Step 4: vision API python script
import io
import os
# Imports the Google Cloud client library
from google.cloud import vision
# Instantiates a client
client = vision.ImageAnnotatorClient()
# The name of the image file to annotate
file_name = os.path.abspath(r'path to image.jpg')
# Loads the image into memory
with io.open(file_name, 'rb') as image_file:
content = image_file.read()
image = vision.Image(content=content)
# Performs label detection on the image file
response = client.label_detection(image=image)

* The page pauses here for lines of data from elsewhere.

(* Let $q$ be an odd prime power, $m>1$ an odd integer, $\omega$ a primitive element of $\mathbb{F}_{q^m}$, $k=\frac{m-1}{2}$, and let $A$, $H_1,\dots,H_k$, $a_1,\dots,a_k$, $b$ and $B$ be as defined in the context below. Then for every integer $a$, $$\psi(\omega^aB)=\begin{cases}q^{\frac{m-1}{2}}\frac{-1+G_q(\eta')}{2},&\text{if } \mathrm{Tr}_{q^m/q}(\omega^ab)\in C_0^{(2,q)} \text{ and } \omega^a\in(H_1\cap\dots\cap H_k)\setminus A,\\ q^{\frac{m-1}{2}}\frac{-1-G_q(\eta')}{2},&\text{if } \mathrm{Tr}_{q^m/q}(\omega^ab)\in C_1^{(2,q)} \text{ and } \omega^a\in(H_1\cap\dots\cap H_k)\setminus A,\\ \frac{q^{\frac{m-1}{2}}(q-1)}{2},&\text{if } \omega^a\in A\cap H_1\cap\dots\cap H_k,\\ 0,&\text{otherwise.}\end{cases}$$
   Context: $\psi$ is the canonical additive character $\psi(x)=e^{2\pi i\,\mathrm{Tr}_{q^m/p}(x)/p}$ of $\mathbb{F}_{q^m}$ ($p$ the characteristic), $\psi(S)=\sum_{x\in S}\psi(x)$. $\eta'$ is the quadratic character of $\mathbb{F}_q$ and $G_q(\eta')=\sum_{x\in\mathbb{F}_q^\ast}\eta'(x)e^{2\pi i\,\mathrm{Tr}_{q/p}(x)/p}$. $C_0^{(2,q)}$ and $C_1^{(2,q)}$ are the nonzero squares and the nonsquares of $\mathbb{F}_q$. $A=\{x\in\mathbb{F}_{q^m}^\ast:\mathrm{Tr}_{q^m/q}(x^2)=0\}$. Choose $a_1\in A$ and, for $2\le\ell\le k$, $a_\ell\in A\cap H_1\cap\dots\cap H_{\ell-1}$, with $a_1,\dots,a_k$ linearly independent over $\mathbb{F}_q$, where $H_\ell=\{x\in\mathbb{F}_{q^m}^\ast:\mathrm{Tr}_{q^m/q}(xa_\ell)=0\}$. Fix $b\in(H_1\cap\dots\cap H_k)\setminus A$, and let $B=\{a_1x_1+\dots+a_kx_k+by: x_1,\dots,x_k\in\mathbb{F}_q,\ y\in C_0^{(2,q)}\}$. *)

theory Defs
  imports Complex_Main "HOL-Computational_Algebra.Primes"
begin

definition field_trace :: "nat \<Rightarrow> nat \<Rightarrow> 'a::field \<Rightarrow> 'a" where
  "field_trace r n x = (\<Sum>i<n. x ^ (r ^ i))"

text \<open>Canonical additive character of F_{p^n} (p the characteristic):
  x |-> exp(2 pi i Tr_{p^n/p}(x)/p), where Tr(x) lies in the prime field,
  identified with {0..p-1}.\<close>
definition canon_char :: "nat \<Rightarrow> nat \<Rightarrow> 'a::field \<Rightarrow> complex" where
  "canon_char p n x =
     cis (2 * pi * real (THE j. j < p \<and> of_nat j = field_trace p n x) / real p)"

definition subfield_q :: "nat \<Rightarrow> 'a::field set" where
  "subfield_q q = {x. x ^ q = x}"

definition C0 :: "nat \<Rightarrow> 'a::field set" where
  "C0 q = {x \<in> subfield_q q. x \<noteq> 0 \<and> (\<exists>y\<in>subfield_q q. y ^ 2 = x)}"

definition C1 :: "nat \<Rightarrow> 'a::field set" where
  "C1 q = (subfield_q q - {0}) - C0 q"

definition quad_char :: "nat \<Rightarrow> 'a::field \<Rightarrow> complex" where
  "quad_char q x = (if x \<in> C0 q then 1 else if x \<in> C1 q then -1 else 0)"

definition gauss_quad :: "nat \<Rightarrow> nat \<Rightarrow> 'a::field itself \<Rightarrow> complex" where
  "gauss_quad p e _ = (\<Sum>x\<in>subfield_q (p ^ e) - {0::'a}. quad_char (p ^ e) x * canon_char p e x)"

definition Aset :: "nat \<Rightarrow> nat \<Rightarrow> 'a::field set" where
  "Aset q m = {x. x \<noteq> 0 \<and> field_trace q m (x ^ 2) = 0}"

definition Hset :: "nat \<Rightarrow> nat \<Rightarrow> 'a::field \<Rightarrow> 'a set" where
  "Hset q m c = {x. x \<noteq> 0 \<and> field_trace q m (x * c) = 0}"

end

theory Submission
  imports Defs "HOL-Library.FuncSet" "HOL-Library.Real_Mod" "HOL-Computational_Algebra.Polynomial"
begin

text \<open>
  Write c = \<omega>^t and Tr = Tr_{q^m/q}; the canonical character of F_{q^m} is \<psi> \<circ> Tr with
  \<psi> the canonical character of F_q. The map (x, y) \<mapsto> z = \<Sum> a_i x_i + b y is injective on
  F_q^k \<times> F_q, because Tr(z b) = y Tr(b^2) with Tr(b^2) \<noteq> 0 and the a_i are independent.
  Hence the character sum over cB factors into a sum over x \<in> F_q^k, which is q^k or 0
  according as c is or is not Tr-orthogonal to all a_i, times the sum of \<psi>(y Tr(cb)) over
  the nonzero squares y, which is (q - 1)/2 or (-1 \<plusminus> G_q(\<eta>'))/2 according as Tr(cb) is zero,
  a square or a nonsquare. Counting with characters, the orthogonal complement of
  a_1, ..., a_k has q^(m-k) = q^(k+1) elements; it contains the span of a_1, ..., a_k, b,
  hence equals it. For c = \<Sum> a_i x_i + b y in it, Tr(c^2) = y^2 Tr(b^2) and
  Tr(cb) = y Tr(b^2), so c \<in> A exactly when Tr(cb) = 0.
\<close>

lemma character_sum_eq_0:
  fixes \<chi> :: "'b::ab_group_add \<Rightarrow> complex"
  assumes S: "finite S" and closed: "\<And>x y. x \<in> S \<Longrightarrow> y \<in> S \<Longrightarrow> x + y \<in> S"
    and z: "z \<in> S" and hom: "\<And>x. x \<in> S \<Longrightarrow> \<chi> (x + z) = \<chi> x * \<chi> z"
    and nontrivial: "\<chi> z \<noteq> 1"
  shows "(\<Sum>x\<in>S. \<chi> x) = 0"
proof -
  have inj: "inj_on (\<lambda>x. x + z) S" by (auto intro: inj_onI)
  have "(\<lambda>x. x + z) ` S = S"
    by (rule endo_inj_surj[OF S _ inj]) (use closed z in auto)
  then have "(\<Sum>x\<in>S. \<chi> x) = (\<Sum>x\<in>S. \<chi> (x + z))"
    using sum.reindex[OF inj, of \<chi>] by simp
  also have "\<dots> = \<chi> z * (\<Sum>x\<in>S. \<chi> x)" by (simp add: hom sum_distrib_left mult.commute)
  finally have "(1 - \<chi> z) * (\<Sum>x\<in>S. \<chi> x) = 0" by (simp add: algebra_simps)
  then show ?thesis using nontrivial by simp
qed

lemma cis_2pi_mod:
  assumes "p > 0"
  shows "cis (2 * pi * real j / real p) = cis (2 * pi * real (j mod p) / real p)"
proof -
  have "real j = real p * real (j div p) + real (j mod p)"
    by (metis of_nat_add of_nat_mult div_mult_mod_eq mult.commute)
  then have "2 * pi * real j / real p = 2 * pi * real (j div p) + 2 * pi * real (j mod p) / real p"
    using assms by (simp add: field_simps)
  then show ?thesis
    by (simp add: cis_mult[symmetric] cis_multiple_2pi)
qed

lemma card_fixed_points_power_le:
  assumes "n > 1"
  shows "card {x::'a::idom. x ^ n = x} \<le> n"
proof -
  define P where "P = monom (1::'a) n + [:0, -1:]"
  have deg: "degree P = n" unfolding P_def using assms
    by (subst degree_add_eq_left) (auto simp: degree_monom_eq)
  then have "P \<noteq> 0" using assms by auto
  moreover have "{x::'a. x ^ n = x} = {x. poly P x = 0}"
    unfolding P_def by (auto simp: poly_monom)
  ultimately show ?thesis using card_poly_roots_bound[of P] deg by simp
qed

lemma card_field_trace_eq_0_le:
  assumes "r > 1" and "n \<ge> 1"
  shows "card {x::'a::field. field_trace r n x = 0} \<le> r ^ (n - 1)"
proof -
  define P where "P = (\<Sum>i<n. monom (1::'a) (r ^ i))"
  have "coeff P (r ^ (n - 1)) = (\<Sum>i<n. if i = n - 1 then 1 else 0)"
    unfolding P_def coeff_sum
    by (intro sum.cong) (use assms in \<open>auto simp: coeff_monom power_inject_exp\<close>)
  then have lead: "coeff P (r ^ (n - 1)) = 1" using assms by simp
  have "degree P \<le> r ^ (n - 1)"
    unfolding P_def
    by (intro degree_sum_le) (use assms in \<open>auto simp: degree_monom_eq intro: power_increasing\<close>)
  then have deg: "degree P = r ^ (n - 1)"
    using lead by (metis le_antisym le_degree one_neq_zero)
  have "P \<noteq> 0" using lead by auto
  moreover have "{x::'a. field_trace r n x = 0} = {x. poly P x = 0}"
    unfolding P_def field_trace_def by (auto simp: poly_sum poly_monom)
  ultimately show ?thesis using card_poly_roots_bound[of P] deg by simp
qed

lemma power_card_eq_self:
  fixes x :: "'a::{finite,field}"
  shows "x ^ card (UNIV :: 'a set) = x"
proof (cases "x = 0")
  case True
  then show ?thesis using finite_UNIV_card_ge_0[where 'a='a] by simp
next
  case False
  define N where "N = card (UNIV :: 'a set) - 1"
  have N: "card (UNIV :: 'a set) = Suc N"
    using finite_UNIV_card_ge_0[where 'a='a] N_def by simp
  have "(\<Prod>y\<in>UNIV-{0}. x * y) = (\<Prod>y\<in>UNIV-{0::'a}. y)"
    by (rule prod.reindex_bij_witness[of _ "\<lambda>y. y / x" "\<lambda>y. x * y"]) (use False in auto)
  moreover have "card (UNIV - {0::'a}) = N" using N by (simp add: card_Diff_singleton)
  ultimately have "x ^ N * (\<Prod>y\<in>UNIV-{0::'a}. y) = (\<Prod>y\<in>UNIV-{0::'a}. y)"
    by (simp add: prod.distrib)
  then have "x ^ N = 1" by simp
  then show ?thesis using N by simp
qed

lemma diff_1_dvd_power_diff_1: "(q::nat) \<ge> 1 \<Longrightarrow> (q - 1) dvd (q ^ n - 1)"
proof (induction n)
  case (Suc n)
  have "q ^ n \<ge> 1" using Suc.prems by simp
  then have "q ^ Suc n - 1 = q * (q ^ n - 1) + (q - 1)"
    using Suc.prems by (simp add: algebra_simps diff_mult_distrib2)
  then show ?case by (metis Suc dvd_add dvd_mult dvd_refl)
qed simp

lemma zero_notin_C0: "0 \<notin> C0 q"
  by (simp add: C0_def)

lemma zero_notin_C1: "0 \<notin> C1 q"
  by (simp add: C1_def)

lemma C0_notin_C1: "x \<in> C0 q \<Longrightarrow> x \<notin> C1 q"
  by (simp add: C1_def)

lemma quad_char_C0: "x \<in> C0 q \<Longrightarrow> quad_char q x = 1"
  by (simp add: quad_char_def)

lemma quad_char_C1: "x \<in> C1 q \<Longrightarrow> quad_char q x = -1"
  by (simp add: quad_char_def C1_def)

section \<open>The canonical additive character in characteristic p\<close>

definition trace_index :: "nat \<Rightarrow> nat \<Rightarrow> 'a::field \<Rightarrow> nat" where
  "trace_index p n x = (THE j. j < p \<and> of_nat j = field_trace p n x)"

lemma canon_char_eq_cis: "canon_char p n x = cis (2 * pi * real (trace_index p n x) / real p)"
  unfolding canon_char_def trace_index_def ..

locale finite_field_char =
  fixes p :: nat
  assumes prime_p: "prime p" and of_nat_p: "of_nat p = (0::'a::{finite,field})"
begin

lemma CHAR_eq_p: "CHAR('a) = p"
proof -
  have "CHAR('a) dvd p" using of_nat_p by (simp add: of_nat_eq_0_iff_char_dvd)
  moreover have "CHAR('a) \<noteq> 1" by simp
  ultimately show ?thesis using prime_p by (meson prime_nat_iff)
qed

lemma p_gt_1: "p > 1" using prime_p prime_gt_1_nat by blast

lemma frobenius_add: "(x + y :: 'a) ^ (p ^ n) = x ^ (p ^ n) + y ^ (p ^ n)"
  by (rule freshmans_dream') (auto simp: CHAR_eq_p prime_p)

lemma frobenius_sum: "(sum (f :: 'b \<Rightarrow> 'a) A) ^ (p ^ n) = (\<Sum>i\<in>A. f i ^ (p ^ n))"
  by (rule freshmans_dream_sum') (auto simp: CHAR_eq_p prime_p)

lemma frobenius_uminus: "(- x :: 'a) ^ (p ^ n) = - (x ^ (p ^ n))"
proof -
  have "x ^ (p ^ n) + (- x) ^ (p ^ n) = 0" using frobenius_add[of x "- x" n] p_gt_1 by (simp add: power_0_left)
  then show ?thesis by (simp add: add_eq_0_iff)
qed

lemma frobenius_diff: "(x - y :: 'a) ^ (p ^ n) = x ^ (p ^ n) - y ^ (p ^ n)"
  using frobenius_add[of x "- y" n] frobenius_uminus[of y n] by simp

lemma of_nat_eq_0_iff_dvd: "(of_nat n :: 'a) = 0 \<longleftrightarrow> p dvd n"
  using of_nat_eq_0_iff_char_dvd[where 'a='a] CHAR_eq_p by simp

lemma of_nat_mod_char: "(of_nat n :: 'a) = of_nat (n mod p)"
proof -
  have "(of_nat n :: 'a) = of_nat (p * (n div p)) + of_nat (n mod p)"
    by (metis div_mult_mod_eq mult.commute of_nat_add)
  then show ?thesis using of_nat_p by simp
qed

lemma of_nat_below_char_eq_iff:
  assumes "i < p" and "j < p"
  shows "(of_nat i :: 'a) = of_nat j \<longleftrightarrow> i = j"
proof -
  have "(of_nat i :: 'a) \<noteq> of_nat j" if "i < j" "j < p" for i j
    using that of_nat_eq_iff_char_dvd[where 'a='a, of i j] by (simp add: CHAR_eq_p nat_dvd_not_less)
  then show ?thesis using assms by (metis linorder_neqE_nat)
qed

lemma of_nat_power_char: "(of_nat j :: 'a) ^ p = of_nat j"
proof (induction j)
  case (Suc j)
  then show ?case
    using frobenius_add[of "of_nat j" 1 1] by (simp add: add.commute)
qed (use p_gt_1 in simp)

lemma prime_subfield_eq: "{x::'a. x ^ p = x} = of_nat ` {..<p}"
proof -
  have sub: "of_nat ` {..<p} \<subseteq> {x::'a. x ^ p = x}" using of_nat_power_char by auto
  have "inj_on (of_nat :: nat \<Rightarrow> 'a) {..<p}"
    by (intro inj_onI) (simp add: of_nat_below_char_eq_iff)
  then have "card (of_nat ` {..<p} :: 'a set) = p"
    by (simp add: card_image)
  then have "of_nat ` {..<p} = {x::'a. x ^ p = x}"
    by (intro card_seteq[OF _ sub]) (simp_all add: card_fixed_points_power_le[OF p_gt_1])
  then show ?thesis ..
qed

lemma field_trace_add:
  "r = p ^ j \<Longrightarrow> field_trace r n (x + y) = field_trace r n x + field_trace r n (y::'a)"
  unfolding field_trace_def by (simp add: frobenius_add sum.distrib flip: power_mult)

lemma field_trace_power_eq:
  assumes r: "r = p ^ j" and x: "(x::'a) ^ (r ^ n) = x"
  shows "(field_trace r n x) ^ r = field_trace r n x"
proof -
  define f where "f i = x ^ (r ^ i)" for i
  have "(field_trace r n x) ^ r = (\<Sum>i<n. f (Suc i))"
    unfolding field_trace_def r f_def by (simp add: frobenius_sum mult.commute flip: power_mult)
  also have "\<dots> = (\<Sum>i<n. f i) + f n - f 0"
    using sum.lessThan_Suc_shift[of f n] sum.lessThan_Suc[of f n] by (simp add: algebra_simps)
  also have "f n = f 0" using x by (simp add: f_def)
  finally show ?thesis by (simp add: field_trace_def f_def)
qed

labels = response.label_annotations
print('Labels:')
for label in labels:
print(label.description)
#### FACE DETECTION ######
response_face = client.face_detection(image=image)
face_data = []
for face_detection in response_face.face_annotations:
d = {
'confidence': face_detection.detection_confidence,
'joy': face_detection.joy_likelihood,
'sorrow': face_detection.sorrow_likelihood,
'surprise': face_detection.surprise_likelihood,
'anger': face_detection.anger_likelihood
}
print(d)
#### IMAGE PROPERTIES ######
response_image = client.image_properties(image=image)
image_data = []
for c in response_image.image_properties_annotation.dominant_colors.colors[:3]:
d = {
'color': c.color,
'score': c.score,
'pixel_fraction': c.pixel_fraction
}
print(d)
#### TEXT DETECTION ######
response_text = client.text_detection(image=image)
for r in response_text.text_annotations:
d = {
'text': r.description
}
print(d)
Video Intelligence API
Step 1: Enable Video Intelligence API
Step 2: Create a service account and download the JSON key file
Step 3: Run the command
export GOOGLE_APPLICATION_CREDENTIALS="path_to_key.json"
Step 4: Video Intelligence API python script
from google.cloud import videointelligence_v1p3beta1 as videointelligence
import io
path = 'path_to_video.mp4'
client = videointelligence.StreamingVideoIntelligenceServiceClient()
# Set streaming config.
config = videointelligence.StreamingVideoConfig(
feature=(videointelligence.StreamingFeature.STREAMING_LABEL_DETECTION)
)
# config_request should be the first in the stream of requests.
config_request = videointelligence.StreamingAnnotateVideoRequest(
video_config=config
)
# Set the chunk size to 5MB (recommended less than 10MB).
chunk_size = 5 * 1024 * 1024
# Load file content.
stream = []
with io.open(path, "rb") as video_file:
while True:
data = video_file.read(chunk_size)
if not data:
break
stream.append(data)
def stream_generator():
yield config_request
for chunk in stream:
yield videointelligence.StreamingAnnotateVideoRequest(input_content=chunk)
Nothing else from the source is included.